theorem theorem3p1:
  fixes F :: "nat \<Rightarrow> 'x::{real_inner,complete_space} \<Rightarrow> 'y::{real_inner,complete_space}"
    and DF :: "nat \<Rightarrow> 'x \<Rightarrow> 'x \<Rightarrow> 'y"
    and R :: "'y \<Rightarrow> 'y" and u :: "nat \<Rightarrow> 'y" and N :: nat
    and alpha :: "nat \<Rightarrow> real" and q0 :: 'x and D :: "'x set" and i :: nat
  assumes deriv: "\<And>n q. n \<in> {1..N} \<Longrightarrow> q \<in> D \<Longrightarrow> (F n has_derivative DF n q) (at q within D)"
    and R_lin: "bounded_linear R"
    and R_sa: "\<And>v w. R v \<bullet> w = v \<bullet> R w"
    and R_pos: "\<And>v. v \<noteq> 0 \<Longrightarrow> R v \<bullet> v > 0"
    and R_inv: "bij R" "bounded_linear (inv R)"
    and alpha_pos: "\<And>j. alpha j > 0"
    and wd: "\<And>j. j \<le> i \<Longrightarrow> FLM F DF R u N alpha q0 j \<in> D"
            "\<And>j. j \<le> i \<Longrightarrow> KFL_start F DF R u N alpha q0 j \<in> D"
  shows "KFL_q F DF R u N alpha q0 i N = FLM F DF R u N alpha q0 (Suc i)"
proof -
  have sweep: "KFL_q F DF R u N alpha q0 j N
      = FLM_step F DF R u N (alpha j) (KFL_start F DF R u N alpha q0 j)" if "j \<le> i" for j
  proof -
    interpret LM_linearisation F DF R u N "alpha j" "KFL_start F DF R u N alpha q0 j"
      by (rule LM_linearisation.intro[OF _ R_sa R_pos R_inv alpha_pos])
        (rule has_derivative_bounded_linear[OF deriv[OF _ wd(2)[OF that]]])
    show ?thesis unfolding KFL_q_def by (rule KFL_inner_eq_FLM_step)
  qed
  have "j \<le> i \<Longrightarrow> KFL_start F DF R u N alpha q0 j = FLM F DF R u N alpha q0 j" for j
  proof (induction j)
    case (Suc j)
    then have "KFL_start F DF R u N alpha q0 (Suc j)
        = FLM_step F DF R u N (alpha j) (KFL_start F DF R u N alpha q0 j)"
      using sweep[of j] by (simp add: KFL_q_def)
    with Suc show ?case by simp
  qed simp
  then show ?thesis using sweep[of i] by simp
qed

■ ■ ■ ■ ■

# Prompt:
Copy every line of the data that carries the word "have".

# Output of the exercise:
  have sweep: "KFL_q F DF R u N alpha q0 j N
  have "j \<le> i \<Longrightarrow> KFL_start F DF R u N alpha q0 j = FLM F DF R u N alpha q0 j" for j
    then have "KFL_start F DF R u N alpha q0 (Suc j)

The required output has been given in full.